CodeRAG-Bench: Can Retrieval Augment Code Generation?

While language models (LMs) have proven remarkably adept at generating code, many programs are challenging for LMs to generate using their parametric knowledge alone. Providing external contexts such as library documentation can facilitate generating accurate and functional code. Despite the success of retrieval-augmented generation (RAG) in various text-oriented tasks, its potential for improving code generation remains under-explored. In this work, we conduct a systematic, large-scale analysis by asking: in what scenarios can retrieval benefit code generation models? and what challenges remain? We first curate a comprehensive evaluation benchmark, CodeRAG-Bench, encompassing three categories of code generation tasks, including basic programming, open-domain, and repository-level problems. We aggregate documents from five sources for models to retrieve contexts: competition solutions, online tutorials, library documentation, StackOverflow posts, and GitHub repositories. We examine top-performing models on CodeRAG-Bench by providing contexts retrieved from one or multiple sources. While notable gains are made in final code generation by retrieving high-quality contexts across various settings, our analysis reveals room for improvement -- current retrievers still struggle to fetch useful contexts especially with limited lexical overlap, and generators fail to improve with limited context lengths or abilities to integrate additional contexts. We hope CodeRAG-Bench serves as an effective testbed to encourage further development of advanced code-oriented RAG methods.
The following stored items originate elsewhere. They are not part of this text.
lemma character_on_adjoin_consistent:
  assumes H: "subgroup H G" and \<chi>: "character_on G H \<chi>" and a: "a \<in> carrier G"
    and z: "z ^ rel_ord H a = \<chi> (a [^] rel_ord H a)"
    and h: "h \<in> H" "h' \<in> H" and eq: "h \<otimes> a [^] i = h' \<otimes> a [^] j"
  shows "\<chi> h * z ^ i = \<chi> h' * z ^ j"
proof -
  have shift: "\<chi> h = \<chi> h' * z ^ n"
    if h: "h \<in> H" "h' \<in> H" and eq: "h \<otimes> a [^] i = h' \<otimes> a [^] (n + i)" for h h' i n
  proof -
    have hG: "h \<in> carrier G" "h' \<in> carrier G" using h H by (auto dest: subgroup.mem_carrier)
    have "h \<otimes> a [^] i = (h' \<otimes> a [^] n) \<otimes> a [^] i"
      using eq a hG by (simp add: nat_pow_mult m_assoc)
    then have h_eq: "h = h' \<otimes> a [^] n"
      using a hG by simp
    then have "a [^] n = inv h' \<otimes> h"
      using a hG by (simp add: inv_solve_left)
    then have "a [^] n \<in> H"
      using H h by (simp add: subgroup.m_inv_closed subgroup.m_closed)
    then obtain q where q: "n = rel_ord H a * q"
      using rel_ord_dvd[OF H a] by blast
    have "\<chi> (a [^] n) = \<chi> ((a [^] rel_ord H a) [^] q)"
      using a by (simp add: q nat_pow_pow)
    also have "\<dots> = z ^ n"
      using character_on_pow[OF H \<chi> pow_rel_ord_mem[OF H a]] z by (simp add: q power_mult)
    finally show ?thesis
      using \<chi> h h_eq \<open>a [^] n \<in> H\<close> unfolding character_on_def by simp
  qed
  show ?thesis
  proof (cases "i \<le> j")
    case True
    then have "\<chi> h = \<chi> h' * z ^ (j - i)"
      using shift[OF h, of i "j - i"] eq by simp
    then show ?thesis using True by (simp add: mult.assoc flip: power_add)
  next
    case False
    then have "\<chi> h' = \<chi> h * z ^ (i - j)"
      using shift[OF h(2,1), of j "i - j"] eq by simp
    then show ?thesis using False by (simp add: mult.assoc flip: power_add)
  qed
qed

lemma character_on_adjoin:
  assumes H: "subgroup H G" and \<chi>: "character_on G H \<chi>" and a: "a \<in> carrier G"
    and z: "z ^ rel_ord H a = \<chi> (a [^] rel_ord H a)"
  obtains \<psi> where "character_on G (adjoin H a) \<psi>" "\<forall>x\<in>H. \<psi> x = \<chi> x" "\<psi> a = z"
proof
  define \<psi> where "\<psi> x = (SOME v. \<exists>h\<in>H. \<exists>j::nat. x = h \<otimes> a [^] j \<and> v = \<chi> h * z ^ j)" for x
  have \<psi>: "\<psi> (h \<otimes> a [^] j) = \<chi> h * z ^ j" if "h \<in> H" for h j
    unfolding \<psi>_def
    by (rule someI2[where a="\<chi> h * z ^ j"])
       (use that in blast, use that character_on_adjoin_consistent[OF H \<chi> a z] in metis)
  have "cmod z = 1"
    using \<chi> rel_ord_pos[OF H a] pow_rel_ord_mem[OF H a] z unfolding character_on_def
    by (metis norm_eq_1_if_norm_power_eq_1)
  then show "character_on G (adjoin H a) \<psi>"
    unfolding character_on_def
  proof (intro conjI ballI)
    fix x y assume "x \<in> adjoin H a" "y \<in> adjoin H a"
    then obtain h h' and j j' :: nat
      where x: "x = h \<otimes> a [^] j" "h \<in> H" and y: "y = h' \<otimes> a [^] j'" "h' \<in> H"
      unfolding adjoin_def by blast
    then have "x \<otimes> y = (h \<otimes> h') \<otimes> a [^] (j + j')"
      using H a by (simp add: adjoin_mult subgroup.mem_carrier)
    then show "\<psi> (x \<otimes> y) = \<psi> x * \<psi> y"
      using \<psi> x y \<chi> H unfolding character_on_def by (simp add: subgroup.m_closed power_add)
  next
    fix x assume "x \<in> adjoin H a"
    then obtain h and j :: nat where "x = h \<otimes> a [^] j" "h \<in> H"
      unfolding adjoin_def by blast
    then show "cmod (\<psi> x) = 1"
      using \<psi> \<chi> \<open>cmod z = 1\<close> unfolding character_on_def by (simp add: norm_mult norm_power)
  qed
  show "\<forall>x\<in>H. \<psi> x = \<chi> x"
    using \<psi>[of _ 0] H by (simp add: subgroup.mem_carrier)
  show "\<psi> a = z"
    using \<psi>[of \<one> 1] a subgroup.one_closed[OF H] character_on_one[OF H \<chi>] by simp
qed

lemma character_on_extend:
  assumes "subgroup H G" "character_on G H \<chi>"
  shows "\<exists>\<psi>. character_on G (carrier G) \<psi> \<and> (\<forall>x\<in>H. \<psi> x = \<chi> x)"
  using assms
proof (induction "card (carrier G) - card H" arbitrary: H \<chi> rule: less_induct)
  case less
  show ?case
  proof (cases "H = carrier G")
    case True
    then show ?thesis using less.prems by blast
  next
    case False
    then obtain a where a: "a \<in> carrier G" "a \<notin> H"
      using less.prems(1) subgroup.subset by blast
    obtain z where "z ^ rel_ord H a = \<chi> (a [^] rel_ord H a)"
      using ex_root_unimodular rel_ord_pos[OF less.prems(1) a(1)] pow_rel_ord_mem[OF less.prems(1) a(1)]
        less.prems(2)
      unfolding character_on_def by metis
    then obtain \<psi> where \<psi>: "character_on G (adjoin H a) \<psi>" "\<forall>x\<in>H. \<psi> x = \<chi> x"
      using character_on_adjoin[OF less.prems a(1)] by metis
    have sub: "subgroup (adjoin H a) G" "H \<subset> adjoin H a"
      using subgroup_adjoin[OF less.prems(1) a(1)] adjoin_subset[OF less.prems(1) a(1)] a(2)
      by auto
    have "adjoin H a \<subseteq> carrier G"
      using sub(1) by (rule subgroup.subset)
    then have "card H < card (adjoin H a)" "card (adjoin H a) \<le> card (carrier G)"
      using psubset_card_mono[OF finite_subset sub(2)] card_mono[OF finite_carrier] by auto
    then have "card (carrier G) - card (adjoin H a) < card (carrier G) - card H"
      by linarith
    then obtain \<phi> where \<phi>: "character_on G (carrier G) \<phi>" "\<forall>x\<in>adjoin H a. \<phi> x = \<psi> x"
      using less.hyps sub(1) \<psi>(1) by blast
    have "\<forall>x\<in>H. \<phi> x = \<chi> x"
      using \<phi>(2) \<psi>(2) sub(2) by auto
    then show ?thesis using \<phi>(1) by blast
  qed
qed

lemma character_separates:
  assumes g: "g \<in> carrier G" "g \<noteq> \<one>"
  obtains \<psi> where "character_on G (carrier G) \<psi>" "\<psi> g \<noteq> 1"
proof -
  have triv: "subgroup {\<one>} G" "character_on G {\<one>} (\<lambda>_. 1)"
    by (auto simp: triv_subgroup character_on_def)
  define k where "k = rel_ord {\<one>} g"
  have "k \<noteq> 1"
    using pow_rel_ord_mem[OF triv(1) g(1)] g unfolding k_def by auto
  then have "2 \<le> k"
    using rel_ord_pos[OF triv(1) g(1)] unfolding k_def by linarith
  then obtain z :: complex where z: "z ^ k = 1" "z \<noteq> 1"
    using ex_nontrivial_root_unity by blast
  then obtain \<psi> where \<psi>: "character_on G (adjoin {\<one>} g) \<psi>" "\<psi> g = z"
    using character_on_adjoin[OF triv g(1), of z] unfolding k_def by auto
  then obtain \<phi> where "character_on G (carrier G) \<phi>" "\<forall>x\<in>adjoin {\<one>} g. \<phi> x = \<psi> x"
    using character_on_extend subgroup_adjoin[OF triv(1) g(1)] by blast
  then show ?thesis
    using that adjoin_subset(2)[OF triv(1) g(1)] \<psi>(2) z(2) by auto
qed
翻译：尽管语言模型（LM）在生成代码方面已展现出卓越能力，但许多程序仅凭其参数化知识仍难以生成。提供外部上下文（如库文档）有助于生成准确且可运行的代码。尽管检索增强生成（RAG）在各种文本导向任务中取得了成功，但其在改进代码生成方面的潜力仍未得到充分探索。本研究通过系统性大规模分析探讨以下问题：在何种场景下检索能有益于代码生成模型？以及仍存在哪些挑战？我们首先构建了一个综合性评估基准——CodeRAG-Bench，涵盖三类代码生成任务：基础编程、开放域及仓库级问题。我们聚合了五个来源的文档供模型检索上下文：竞赛解决方案、在线教程、库文档、StackOverflow帖子和GitHub仓库。通过提供从单一或多个来源检索的上下文，我们在CodeRAG-Bench上测试了顶尖模型。尽管在不同设置下通过检索高质量上下文使最终代码生成取得了显著提升，但分析表明仍有改进空间——当前检索器在获取有用上下文方面仍存在困难（尤其在词汇重叠有限时），且生成器在上下文长度受限或整合额外上下文能力不足时无法获得改进。我们希望CodeRAG-Bench能作为一个有效的测试平台，推动面向代码的高级RAG方法的进一步发展。